In this guide you will:
In the regression analysis, a prerequisite is that all the variables are in the interval scale, i.e., the distance between each step on the scale are equal. It is, however, not always the case that variables of interest can be converted into a measurable scale. The different types of classes and properties, may not have an inherent rank order. For example, if you are interested in the effect of a variety of different areas of specialisation in political attitudes, you cannot assume that natural science education is twice as much as an education in the social sciences, or a librarian eduacation is of 0.5 of a course of training in the biomedical field. The various programs are simply different (though some aspects of them, may be compared, for example, duration).

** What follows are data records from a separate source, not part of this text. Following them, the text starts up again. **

definition Linf_plus :: "real \<Rightarrow> ('a::real_normed_vector \<Rightarrow> real) \<Rightarrow> 'a \<Rightarrow> real" where
  "Linf_plus \<alpha> \<phi> x = (SUP y\<in>UNIV - {x}. (\<phi> y - \<phi> x) / norm (x - y) powr \<alpha>)"

definition Linf_minus :: "real \<Rightarrow> ('a::real_normed_vector \<Rightarrow> real) \<Rightarrow> 'a \<Rightarrow> real" where
  "Linf_minus \<alpha> \<phi> x = (INF y\<in>UNIV - {x}. (\<phi> y - \<phi> x) / norm (x - y) powr \<alpha>)"

definition Linf :: "real \<Rightarrow> ('a::real_normed_vector \<Rightarrow> real) \<Rightarrow> 'a \<Rightarrow> real" where
  "Linf \<alpha> \<phi> x = Linf_plus \<alpha> \<phi> x + Linf_minus \<alpha> \<phi> x"

definition admissible_test :: "real \<Rightarrow> ('a::real_normed_vector \<Rightarrow> real) \<Rightarrow> bool" where
  "admissible_test \<alpha> \<phi> \<longleftrightarrow> locally_lipschitz \<phi> \<and> growth_ok \<alpha> \<phi>"

definition viscosity_supersolution ::
  "real \<Rightarrow> ('a::real_normed_vector \<Rightarrow> real) \<Rightarrow> 'a set \<Rightarrow> ('a \<Rightarrow> real) \<Rightarrow> bool" where
  "viscosity_supersolution \<alpha> f \<Omega> u \<longleftrightarrow>
     lsc u \<and> growth_ok \<alpha> u \<and>
     (\<forall>x0\<in>\<Omega>. \<forall>\<phi>. admissible_test \<alpha> \<phi> \<and> \<phi> x0 = u x0 \<and> (\<forall>x. u x \<ge> \<phi> x)
         \<longrightarrow> Linf \<alpha> \<phi> x0 \<le> f x0)"

definition viscosity_subsolution ::
  "real \<Rightarrow> ('a::real_normed_vector \<Rightarrow> real) \<Rightarrow> 'a set \<Rightarrow> ('a \<Rightarrow> real) \<Rightarrow> bool" where
  "viscosity_subsolution \<alpha> f \<Omega> u \<longleftrightarrow>
     usc u \<and> growth_ok \<alpha> u \<and>
     (\<forall>x0\<in>\<Omega>. \<forall>\<phi>. admissible_test \<alpha> \<phi> \<and> \<phi> x0 = u x0 \<and> (\<forall>x. u x \<le> \<phi> x)
         \<longrightarrow> Linf \<alpha> \<phi> x0 \<ge> f x0)"

end

theory Submission
  imports Defs
begin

But how are you going to do if you believe that education is a key strength that you want to take that into account in your analysis? This is when dummy coding comes to play. Dummy variables is, quite simply, categorical variables. You make a variable for each of the properties you are interested in. This variable, in turn, has only two possible values: 0 and 1. The variable has a value of 1 when the analysis is holding the property you are interested in, and 0 otherwise. This means that there is only one stage of the variable, which means that it can be considered as interval-scaled – all the steps are the same length! It is therefore a good one to use in the regression analysis.

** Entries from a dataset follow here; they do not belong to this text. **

lemma unit_eq_cis_arccos:
  assumes "cmod w = 1"
  shows "w = cis (arccos (Re w)) \<or> w = cis (- arccos (Re w))"
proof -
  have Re: "\<bar>Re w\<bar> \<le> 1"
    using abs_Re_le_cmod[of w] assms by simp
  have "(Im w)\<^sup>2 = 1 - (Re w)\<^sup>2"
    using cmod_power2[of w] assms by simp
  then have "sin (arccos (Re w)) = \<bar>Im w\<bar>"
    using sin_arccos_abs[OF Re] by (simp flip: real_sqrt_abs)
  moreover have "cos (arccos (Re w)) = Re w"
    using Re by (simp add: abs_le_iff)
  ultimately show ?thesis
    by (cases "Im w \<ge> 0") (simp_all add: complex_eq_iff)
qed

lemma angle_unit_eq_cis_vec_angle:
  assumes "U \<noteq> 0" "V \<noteq> 0"
  obtains \<epsilon> :: real where "\<epsilon> \<in> {-1, 1}" "angle_unit (cpx U) (cpx V) = cis (\<epsilon> * vec_angle U V)"
proof -
  have "cmod (angle_unit (cpx U) (cpx V)) = 1"
    using assms by (simp add: angle_unit_def norm_divide norm_mult)
  moreover have "Re (angle_unit (cpx U) (cpx V)) = (U \<bullet> V) / (norm U * norm V)"
    by (simp add: angle_unit_def inner_eq_Re_cnj_cpx norm_eq_cmod_cpx Re_divide_of_real)
  ultimately show ?thesis
    using unit_eq_cis_arccos that[of 1] that[of "-1"] by (fastforce simp: vec_angle_def)
qed

lemma of_real_cmod_square: "(complex_of_real (cmod z))\<^sup>2 = z * cnj z"
  using complex_norm_square[of z] by simp

lemma angle_unit_square:
  assumes "z \<noteq> 0" "w \<noteq> 0"
  shows "(angle_unit z w)\<^sup>2 = w / cnj w * cnj (z / cnj z)"
proof -
  have "(of_real (cmod z * cmod w))\<^sup>2 = z * cnj z * (w * cnj w)"
    by (simp add: power_mult_distrib of_real_cmod_square)
  then show ?thesis
    using assms by (simp add: angle_unit_def power_divide field_simps power2_eq_square)
qed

In the case of education, it is possible to imagine that you have a dummy coded variable of education in the social sciences. These are the are the people who have a 1 in the dummy variable “social sciences”. The ones that have a 0 have studies another subject. You can also use a dummy variable of the gender. You then choose a gender, for example, woman, and create a dummy variable which measures the property of a woman. All of the ones that have a 1 for the variable is women, and the ones that have a 0 in the dummy variable have another property (probably a man).

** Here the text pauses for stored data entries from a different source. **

text \<open>The grading by \<open>\<nat>\<close> is the weight grading shifted by a lower bound \<open>N\<close> of the weights;
  its pieces are independent as eigenspaces of \<open>L(0) = \<omega>\<^sub>1\<close> for distinct eigenvalues.\<close>

lemma voa_ngradable: "ngradable C Y \<omega> C Y"
proof -
  note V = voa_module[OF voa] and \<omega> = voa_conformal_mem[OF voa]
  obtain N where N: "\<And>k. k < N \<Longrightarrow> wsp C Y \<omega> k \<subseteq> {0}"
    using voa unfolding is_voa_def by blast
  define g where "g n = wsp C Y \<omega> (N + int n)" for n
  have "(\<Union>k. wsp C Y \<omega> k) \<subseteq> cspan (\<Union>n. g n)"
  proof (intro UN_least subsetI)
    fix k v assume v: "v \<in> wsp C Y \<omega> k"
    show "v \<in> cspan (\<Union>n. g n)"
    proof (cases "k < N")
      case True
      then show ?thesis
        using N v cvs.span_zero by blast
    next
      case False
      then have "g (nat (k - N)) = wsp C Y \<omega> k"
        by (simp add: g_def)
      then show ?thesis
        using v by (metis UN_I UNIV_I cvs.span_base)
    qed
  qed
  then have spanning: "C \<subseteq> cspan (\<Union>n. g n)"
    using voa cvs.span_minimal[of _ "cspan (\<Union>n. g n)"] unfolding is_voa_def by blast
  have independent: "\<forall>n\<in>F. x n = 0"
    if "finite F" "\<forall>n\<in>F. x n \<in> g n" "sum x F = 0" for F x
    using that module_subspace[OF V] module_add[OF V \<omega>] module_scale[OF V \<omega>]
    by (intro eigenvectors_sum_eq_0[where T = "Y \<omega> 1" and ev = "\<lambda>n. of_int (N + int n)"])
      (auto simp: g_def wsp_def inj_on_def)
  have graded: "Y a m x \<in> (if k - m - 1 + int n \<ge> 0 then g (nat (k - m - 1 + int n)) else {0})"
    if "a \<in> wsp C Y \<omega> k" "x \<in> g n" for k m a n x
    using weight_space_mode[OF that(1), of x "N + int n" m] that(2) N[of "N + int n + k - m - 1"]
    by (auto simp: g_def algebra_simps)
  have pieces: "csubspace (g n)" "g n \<subseteq> C" for n
    unfolding g_def by (rule weight_space_subspace) (auto simp: wsp_def)
  show ?thesis
    unfolding ngradable_def
    using pieces spanning independent graded by (intro exI[of _ g] conjI allI ballI impI) auto
qed

lemma voa_in_modV:
  assumes "irred C C Y"
  shows "in_modV C Y vac \<omega> C Y"
  using voa_module[OF voa] voa_ngradable irred_imp_finlen[OF voa_module[OF voa] assms]
  by (simp add: in_modV_def)

end

lemma subspace_set_plus:
  fixes A B :: "'a::cvs set"
  assumes A: "csubspace A" and B: "csubspace B"
  shows "csubspace (A + B)"
  unfolding cvs.subspace_def
proof (intro conjI ballI allI)
  show "0 \<in> A + B"
    using A B cvs.subspace_0 set_plus_intro[of 0 A 0 B] by force
next
  fix x y assume "x \<in> A + B" "y \<in> A + B"
  then obtain a b a' b' where "x = a + b" "y = a' + b'" "a \<in> A" "b \<in> B" "a' \<in> A" "b' \<in> B"
    by (auto elim!: set_plus_elim)
  then have "(a + a') + (b + b') \<in> A + B"
    using cvs.subspace_add[OF A] cvs.subspace_add[OF B] by (simp add: set_plus_intro)
  moreover have "x + y = (a + a') + (b + b')"
    using \<open>x = a + b\<close> \<open>y = a' + b'\<close> by (simp add: algebra_simps)
  ultimately show "x + y \<in> A + B"
    by simp
next
  fix c x assume "x \<in> A + B"
  then obtain a b where "x = a + b" "a \<in> A" "b \<in> B"
    by (auto elim!: set_plus_elim)
  then show "c *c x \<in> A + B"
    using cvs.subspace_scale[OF A] cvs.subspace_scale[OF B] by (simp add: cscale_add_right set_plus_intro)
qed

lemma submod_subset: "submod C M Ym N \<Longrightarrow> C' \<subseteq> C \<Longrightarrow> submod C' M Ym N"
  by (auto simp: submod_def)

context
  fixes C :: "'v::cvs set" and Y :: "'v \<Rightarrow> int \<Rightarrow> 'v \<Rightarrow> 'v" and vac :: 'v
    and M :: "'m::cvs set" and Ym :: "'v \<Rightarrow> int \<Rightarrow> 'm \<Rightarrow> 'm"
  assumes module: "is_module C Y vac M Ym"
begin

lemma submod_set_plus:
  assumes A: "submod C M Ym A" and B: "submod C M Ym B"
  shows "submod C M Ym (A + B)"
  unfolding submod_def
proof (intro conjI ballI allI)
  show "A + B \<subseteq> M"
    using A B cvs.subspace_add[OF module_subspace[OF module]]
    by (auto simp: submod_def elim!: set_plus_elim)
  show "csubspace (A + B)"
    using A B subspace_set_plus by (auto simp: submod_def)
  fix a n x assume a: "a \<in> C" and "x \<in> A + B"
  then obtain u v where "x = u + v" "u \<in> A" "v \<in> B"
    by (auto elim: set_plus_elim)
  moreover have "u \<in> M" "v \<in> M" "Ym a n u \<in> A" "Ym a n v \<in> B"
    using A B a \<open>u \<in> A\<close> \<open>v \<in> B\<close> by (auto simp: submod_def)
  ultimately show "Ym a n x \<in> A + B"
    using module_add[OF module a] by (simp add: set_plus_intro)
qed

lemma irred_submod_extends_complement:
  assumes K: "submod C M Ym K" and D: "submod C M Ym D" and DK: "D \<inter> K \<subseteq> {0}"
    and N: "submod C M Ym N" and irr: "irred C N Ym"
  shows "\<exists>D'. submod C M Ym D' \<and> D' \<inter> K \<subseteq> {0} \<and> D \<subseteq> D' \<and> N \<subseteq> K + D'"
proof -
  have zero: "0 \<in> K" "0 \<in> D" "0 \<in> N"
    using K D N cvs.subspace_0 by (auto simp: submod_def)
  have "submod C N Ym (N \<inter> (K + D))"
    using N submod_set_plus[OF K D] cvs.subspace_inter by (auto simp: submod_def)
  then consider "N \<inter> (K + D) = N" | "N \<inter> (K + D) = {0}"
    using irr by (auto simp: irred_def)
  then show ?thesis
  proof cases
    case 1
    then show ?thesis
      using D DK by blast
  next
    case 2
    have "(D + N) \<inter> K \<subseteq> {0}"
    proof
      fix z assume "z \<in> (D + N) \<inter> K"
      then obtain d n where z: "z = d + n" "d \<in> D" "n \<in> N" "z \<in> K"
        by (auto elim: set_plus_elim)
      have "- d \<in> D"
        using D z(2) cvs.subspace_neg by (auto simp: submod_def)
      then have "n = z + - d"
        using z(1) by simp
      then have "n = 0"
        using 2 z(3,4) \<open>- d \<in> D\<close> by blast
      then show "z \<in> {0}"
        using DK z by auto
    qed
    moreover have "D \<subseteq> D + N"
      using set_zero_plus2[OF zero(3)] by (simp add: add.commute)
    moreover have "N \<subseteq> K + (D + N)"
      using set_zero_plus2[OF zero(2)] set_zero_plus2[OF zero(1)] by blast
    ultimately show ?thesis
      using submod_set_plus[OF D N] by blast
  qed
qed

lemma complement_covering_finite:
  assumes K: "submod C M Ym K"
    and "finite T" and "T \<subseteq> \<Union>{N. submod C M Ym N \<and> irred C N Ym}"
  shows "\<exists>D. submod C M Ym D \<and> D \<inter> K \<subseteq> {0} \<and> T \<subseteq> K + D"
  using assms(2,3)
proof (induction T rule: finite_induct)
  case empty
  have "submod C M Ym {0}"
    using module_subspace[OF module] module_zero[OF module] by (auto simp: submod_def cvs.subspace_0)
  then show ?case
    by blast
next
  case (insert t T)
  then obtain D where D: "submod C M Ym D" "D \<inter> K \<subseteq> {0}" "T \<subseteq> K + D"
    by blast
  obtain N where N: "submod C M Ym N" "irred C N Ym" "t \<in> N"
    using insert.prems by blast
  obtain D' where D': "submod C M Ym D'" "D' \<inter> K \<subseteq> {0}" "D \<subseteq> D'" "N \<subseteq> K + D'"
    using irred_submod_extends_complement[OF K D(1,2) N(1,2)] by blast
  have "K + D \<subseteq> K + D'"
    using D'(3) by (rule set_plus_mono2[OF order_refl])
  then have "insert t T \<subseteq> K + D'"
    using D(3) N(3) D'(4) by blast
  then show ?case
    using D'(1,2) by blast
qed

lemma compl_red_complement_covering:
  assumes "compl_red C M Ym" and K: "submod C M Ym K" and "x \<in> M"
  shows "\<exists>D. submod C M Ym D \<and> D \<inter> K \<subseteq> {0} \<and> x \<in> K + D"
proof -
  have "x \<in> cspan (\<Union>{N. submod C M Ym N \<and> irred C N Ym})"
    using assms(1,3) by (auto simp: compl_red_def)
  then obtain T r where T: "finite T" "T \<subseteq> \<Union>{N. submod C M Ym N \<and> irred C N Ym}"
    and x: "x = (\<Sum>t\<in>T. r t *c t)"
    unfolding cvs.span_explicit by auto
  obtain D where D: "submod C M Ym D" "D \<inter> K \<subseteq> {0}" "T \<subseteq> K + D"
    using complement_covering_finite[OF K T] by blast
  have "csubspace (K + D)"
    using K D(1) subspace_set_plus by (auto simp: submod_def)
  then have "x \<in> K + D"
    unfolding x using D(3) by (auto intro: cvs.subspace_sum cvs.subspace_scale)
  then show ?thesis
    using D(1,2) by blast
qed

end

You simply make a dummy variable for each of the properties you are interested in!
dataFrame <- read.csv("https://stats.idre.ucla.edu/stat/data/hsb2.csv")
We can create dummy variables by using the as.numeric() function, for example.
dataFrame$Dum1 <- as.numeric(dataFrame$race== 2)
dataFrame$Dum2 <- as.numeric(dataFrame$race== 3)
dataFrame$Dum3 <- as.numeric(dataFrame$race== 4)
It is worth pointing out, here, that we can create dummy variables in many other ways in R. For instance, we can use other packages and, maybe, the ifelse() function. You can see some different methods about how to make dummy variables in R here: https://www.marsja.se/create-dummy-variables-in-r/.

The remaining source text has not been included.